### Work item
Below are some records. Return exactly the lines from the one with "by (rule rising_denom_pos)" to the one with "r N) \<longlonglongrightarrow>", and nothing else.

### Supplied information

(* For every integer $r\ge0$, \[ \sum_{n=1}^{\infty}\frac{h_n^{(r)}}{n(n+1)\cdots(n+r)}=\frac{\pi^2}{6\,r!}, \] equivalently $\sum_{n=1}^{\infty}h_n^{(r)}B(r+1,n)=\pi^2/6$.
   Context: Hyperharmonic numbers: $h_n^{(0)}=1/n$ for $n\ge1$, and for $r\ge1$, $h_n^{(r)}=\sum_{j=1}^{n}h_j^{(r-1)}$. $B(x,y)=\int_0^1t^{x-1}(1-t)^{y-1}\,dt$ is the Beta function. *)

theory Defs
  imports "HOL-Analysis.Analysis"
begin

fun hyperharmonic :: "nat \<Rightarrow> nat \<Rightarrow> real" where
  "hyperharmonic 0 n = 1 / real n"
| "hyperharmonic (Suc r) n = (\<Sum>j=1..n. hyperharmonic r j)"

definition BetaInt :: "real \<Rightarrow> real \<Rightarrow> real" where
  "BetaInt x y = integral {0..1} (\<lambda>t. t powr (x - 1) * (1 - t) powr (y - 1))"

end

theory Submission
  imports Defs
begin

(* Write D r n = (n+1)(n+2)...(n+r+1), the rising factorial
   pochhammer (n+1) (r+1), and S r = sum_{n>=0} h^(r)_{n+1} / D r n.
   For r = 0 the series is the Basel series sum 1/(n+1)^2 = pi^2/6.
   The induction step r -> r+1 is a summation by parts: the hyperharmonic
   numbers h^(r+1) are the partial sums of h^(r), and the weights 1/D r n
   have differences 1/D r n - 1/D r (n+1) = (r+1) / D (r+1) n.  Abel
   summation therefore gives
     (r+1) * (partial sum of S (r+1)) = (partial sum of S r) - h^(r+1)_N / D r N,
   and the boundary term tends to 0 because h^(r+1)_N <= N^r H_N and
   D r N >= (N+1)^(r+1), so it is at most H_N/(N+1).  Hence
   S (r+1) = S r / (r+1), i.e. S r = pi^2 / (6 r!).
   Finally B(r+1, n+1) = r! / D r n by the Gamma-function formula for Beta,
   which turns the first series into the second. *)

definition rising_denom :: "nat \<Rightarrow> nat \<Rightarrow> real" where
  "rising_denom r n = pochhammer (real n + 1) (Suc r)"

lemma rising_denom_prod: "rising_denom r n = (\<Prod>k=0..r. real (n + 1 + k))"
  unfolding rising_denom_def by (simp add: pochhammer_Suc_prod add_ac)

lemma rising_denom_pos: "rising_denom r n > 0"
  unfolding rising_denom_def by (intro pochhammer_pos) simp

lemma rising_denom_Suc: "rising_denom (Suc r) n = rising_denom r n * real (n + 2 + r)"
  unfolding rising_denom_def by (subst pochhammer_rec') (simp add: add_ac)

lemma rising_denom_shift: "real (n + 1) * rising_denom r (Suc n) = rising_denom (Suc r) n"
  unfolding rising_denom_def by (subst pochhammer_rec) (simp add: add_ac)

(* The weights 1/D r n have differences proportional to the next weights;
   this is what makes the summation by parts close up. *)
lemma rising_denom_inverse_diff:
  "1 / rising_denom r n - 1 / rising_denom r (Suc n) = real (r + 1) / rising_denom (Suc r) n"
proof -
  have D: "rising_denom r n > 0" "rising_denom r (Suc n) > 0" by (simp_all add: rising_denom_pos)
  have "1 / rising_denom r (Suc n) = real (n + 1) / rising_denom (Suc r) n"
    using D by (simp flip: rising_denom_shift)
  moreover have "1 / rising_denom r n = real (n + 2 + r) / rising_denom (Suc r) n"
    by (simp add: rising_denom_Suc)
  ultimately show ?thesis by (simp add: diff_divide_distrib [symmetric])
qed

(* Each of the r+1 factors is at least n+1. *)
lemma rising_denom_lower: "real (n + 1) ^ Suc r \<le> rising_denom r n"
proof -
  have "(\<Prod>k=0..r. real (n + 1)) \<le> (\<Prod>k=0..r. real (n + 1 + k))"
    by (intro prod_mono) auto
  then show ?thesis by (simp add: rising_denom_prod)
qed

lemma abel_summation:
  fixes A a w :: "nat \<Rightarrow> real"
  assumes "A 0 = 0" and "\<And>n. A (Suc n) = A n + a (Suc n)"
  shows "(\<Sum>n<N. A (Suc n) * (w n - w (Suc n))) = (\<Sum>n<N. a (Suc n) * w n) - A N * w N"
  using assms by (induction N) (simp_all add: algebra_simps)

lemma hyperharmonic_nonneg: "hyperharmonic r n \<ge> 0"
  by (induction r arbitrary: n) (auto intro: sum_nonneg)

lemma hyperharmonic_Suc_Suc:
  "hyperharmonic (Suc r) (Suc n) = hyperharmonic (Suc r) n + hyperharmonic r (Suc n)"
  by (simp add: sum.cl_ivl_Suc)

lemma hyperharmonic_one: "hyperharmonic 1 n = harm n"
  by (induction n) (simp_all add: harm_altdef harm_Suc sum.cl_ivl_Suc inverse_eq_divide)

(* Crude growth bound, enough to kill the boundary term. *)
lemma hyperharmonic_le: "hyperharmonic (Suc r) n \<le> real n ^ r * harm n"
proof (induction r arbitrary: n)
  case 0
  then show ?case by (simp add: hyperharmonic_one[simplified])
next
  case (Suc r)
  have "hyperharmonic (Suc (Suc r)) n = (\<Sum>j=1..n. hyperharmonic (Suc r) j)" by simp
  also have "\<dots> \<le> (\<Sum>j=1..n. real n ^ r * harm n)"
  proof (intro sum_mono)
    fix j assume j: "j \<in> {1..n}"
    have "hyperharmonic (Suc r) j \<le> real j ^ r * harm j" by (rule Suc.IH)
    also have "\<dots> \<le> real n ^ r * harm n"
      using j by (intro mult_mono power_mono harm_mono) (auto simp: harm_nonneg)
    finally show "hyperharmonic (Suc r) j \<le> real n ^ r * harm n" .
  qed
  also have "\<dots> = real n ^ Suc r * harm n" by simp
  finally show ?case .
qed

(* H_N grows like ln N, hence H_N / (N+1) tends to 0. *)
lemma harm_over_Suc_tendsto_0: "(\<lambda>N. harm N / real (N + 1)) \<longlonglongrightarrow> (0::real)"
proof -
  obtain \<gamma> where \<gamma>: "(\<lambda>n. harm n - ln (real n)) \<longlonglongrightarrow> (\<gamma>::real)"
    using euler_mascheroni_convergent convergent_def by blast
  have "(\<lambda>N. (harm N - ln (real N)) * (1 / real (N + 1)) + ln (real N) / real (N + 1))
          \<longlonglongrightarrow> \<gamma> * 0 + 0"
    by (intro tendsto_intros \<gamma>) real_asymp+
  then show ?thesis by (simp add: field_simps del: of_nat_Suc)
qed

lemma boundary_term_bound: "hyperharmonic (Suc r) N / rising_denom r N \<le> harm N / real (N + 1)"
proof -
  have D: "rising_denom r N > 0" by (rule rising_denom_pos)
  have "hyperharmonic (Suc r) N / rising_denom r N \<le> real N ^ r * harm N / rising_denom r N"
    using hyperharmonic_le D by (intro divide_right_mono) auto
  also have "\<dots> \<le> real N ^ r * harm N / real (N + 1) ^ Suc r"
    using rising_denom_lower[of N r] D
    by (intro divide_left_mono mult_nonneg_nonneg mult_pos_pos zero_less_power) (auto simp: harm_nonneg)
  also have "\<dots> \<le> real (N + 1) ^ r * harm N / real (N + 1) ^ Suc r"
    by (intro divide_right_mono mult_right_mono power_mono) (auto simp: harm_nonneg)
  also have "\<dots> = harm N / real (N + 1)"
    by (simp add: field_simps del: of_nat_Suc)
  finally show ?thesis .
qed

lemma boundary_term_tendsto_0:
  "(\<lambda>N. hyperharmonic (Suc r) N / rising_denom r N) \<longlonglongrightarrow> 0"
proof (rule real_tendsto_sandwich[OF _ _ tendsto_const harm_over_Suc_tendsto_0])
  show "\<forall>\<^sub>F N in sequentially. 0 \<le> hyperharmonic (Suc r) N / rising_denom r N"
    by (intro always_eventually allI divide_nonneg_pos hyperharmonic_nonneg rising_denom_pos)
  show "\<forall>\<^sub>F N in sequentially. hyperharmonic (Suc r) N / rising_denom r N \<le> harm N / real (N + 1)"
    by (intro always_eventually allI boundary_term_bound)
qed

lemma partial_sums_recursion:
  "real (r + 1) * (\<Sum>n<N. hyperharmonic (Suc r) (Suc n) / rising_denom (Suc r) n)
     = (\<Sum>n<N. hyperharmonic r (Suc n) / rising_denom r n)
       - hyperharmonic (Suc r) N / rising_denom r N"
proof -
  have "(\<Sum>n<N. hyperharmonic (Suc r) (Suc n) * (1 / rising_denom r n - 1 / rising_denom r (Suc n)))
        = (\<Sum>n<N. hyperharmonic r (Suc n) * (1 / rising_denom r n))
          - hyperharmonic (Suc r) N * (1 / rising_denom r N)"
    by (rule abel_summation) (simp_all only: hyperharmonic_Suc_Suc, simp)
  then show ?thesis
    by (simp add: rising_denom_inverse_diff sum_distrib_left mult_ac del: hyperharmonic.simps)
qed

lemma hyperharmonic_series:
  "(\<lambda>n. hyperharmonic r (Suc n) / rising_denom r n) sums (pi\<^sup>2 / (6 * fact r))"
proof (induction r)
  case 0
  have "(\<lambda>n. hyperharmonic 0 (Suc n) / rising_denom 0 n) = (\<lambda>n. 1 / (real (Suc n))\<^sup>2)"
    by (simp add: rising_denom_prod power2_eq_square)
  then show ?case using inverse_squares_sums by simp
next
  case (Suc r)
  let ?S = "\<lambda>N. \<Sum>n<N. hyperharmonic r (Suc n) / rising_denom r n"
  have "(\<lambda>N. (?S N - hyperharmonic (Suc r) N / rising_denom r N) / real (r + 1))
          \<longlonglongrightarrow> (pi\<^sup>2 / (6 * fact r) - 0) / real (r + 1)"
    using Suc.IH boundary_term_tendsto_0[of r] unfolding sums_def by (intro tendsto_intros) auto
  moreover have "(\<lambda>N. (?S N - hyperharmonic (Suc r) N / rising_denom r N) / real (r + 1))
      = (\<lambda>N. \<Sum>n<N. hyperharmonic (Suc r) (Suc n) / rising_denom (Suc r) n)"
  proof
    fix N
    show "(?S N - hyperharmonic (Suc r) N / rising_denom r N) / real (r + 1)
        = (\<Sum>n<N. hyperharmonic (Suc r) (Suc n) / rising_denom (Suc r) n)"
      unfolding partial_sums_recursion[of r N, symmetric] by (simp del: of_nat_Suc)
  qed
  moreover have "(pi\<^sup>2 / (6 * fact r) - 0) / real (r + 1) = pi\<^sup>2 / (6 * fact (Suc r))"
    by (simp add: field_simps)
  ultimately show ?case unfolding sums_def by (simp add: mult_ac del: hyperharmonic.simps)
qed

(* B(r+1, n+1) = Gamma(r+1) Gamma(n+1) / Gamma(n+r+2) = r! / D r n. *)
lemma BetaInt_eq: "BetaInt (real r + 1) (real (n + 1)) = fact r / rising_denom r n"
proof -
  have "BetaInt (real r + 1) (real (n + 1)) = Beta (real r + 1) (real n + 1)"
    unfolding BetaInt_def using has_integral_Beta_real[of "real r + 1" "real n + 1"]
    by (auto intro: integral_unique)
  also have "\<dots> = Gamma (real r + 1) / (Gamma (real n + 1 + real (Suc r)) / Gamma (real n + 1))"
    by (simp add: Beta_def add_ac)
  also have "\<dots> = fact r / rising_denom r n"
  proof -
    have "Gamma (real r + 1) = fact r" "Gamma (real n + 1) = fact n"
      using Gamma_fact[of r] Gamma_fact[of n] by (simp_all add: add.commute)
    then show ?thesis
      unfolding rising_denom_def by (subst pochhammer_Gamma) (auto simp: nonpos_Ints_def)
  qed
  finally show ?thesis .
qed

theorem proposition6:
  fixes r :: nat
  shows "(\<lambda>n. hyperharmonic r (n + 1) / (\<Prod>k=0..r. real (n + 1 + k)))
           sums (pi\<^sup>2 / (6 * fact r))
       \<and> (\<lambda>n. hyperharmonic r (n + 1) * BetaInt (real r + 1) (real (n + 1)))
           sums (pi\<^sup>2 / 6)"
proof
  show "(\<lambda>n. hyperharmonic r (n + 1) / (\<Prod>k=0..r. real (n + 1 + k))) sums (pi\<^sup>2 / (6 * fact r))"
    using hyperharmonic_series[of r] by (simp add: rising_denom_prod)
  have "(\<lambda>n. fact r * (hyperharmonic r (Suc n) / rising_denom r n)) sums (fact r * (pi\<^sup>2 / (6 * fact r)))"
    by (intro sums_mult hyperharmonic_series)
  moreover have "(\<lambda>n. hyperharmonic r (n + 1) * BetaInt (real r + 1) (real (n + 1)))
      = (\<lambda>n. fact r * (hyperharmonic r (Suc n) / rising_denom r n))"
    unfolding BetaInt_eq by (simp add: field_simps)
  ultimately show "(\<lambda>n. hyperharmonic r (n + 1) * BetaInt (real r + 1) (real (n + 1))) sums (pi\<^sup>2 / 6)"
    by simp
qed

end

### Output below
  have D: "rising_denom r N > 0" by (rule rising_denom_pos)
  have "hyperharmonic (Suc r) N / rising_denom r N \<le> real N ^ r * harm N / rising_denom r N"
    using hyperharmonic_le D by (intro divide_right_mono) auto
  also have "\<dots> \<le> real N ^ r * harm N / real (N + 1) ^ Suc r"
    using rising_denom_lower[of N r] D
    by (intro divide_left_mono mult_nonneg_nonneg mult_pos_pos zero_less_power) (auto simp: harm_nonneg)
  also have "\<dots> \<le> real (N + 1) ^ r * harm N / real (N + 1) ^ Suc r"
    by (intro divide_right_mono mult_right_mono power_mono) (auto simp: harm_nonneg)
  also have "\<dots> = harm N / real (N + 1)"
    by (simp add: field_simps del: of_nat_Suc)
  finally show ?thesis .
qed

lemma boundary_term_tendsto_0:
  "(\<lambda>N. hyperharmonic (Suc r) N / rising_denom r N) \<longlonglongrightarrow> 0"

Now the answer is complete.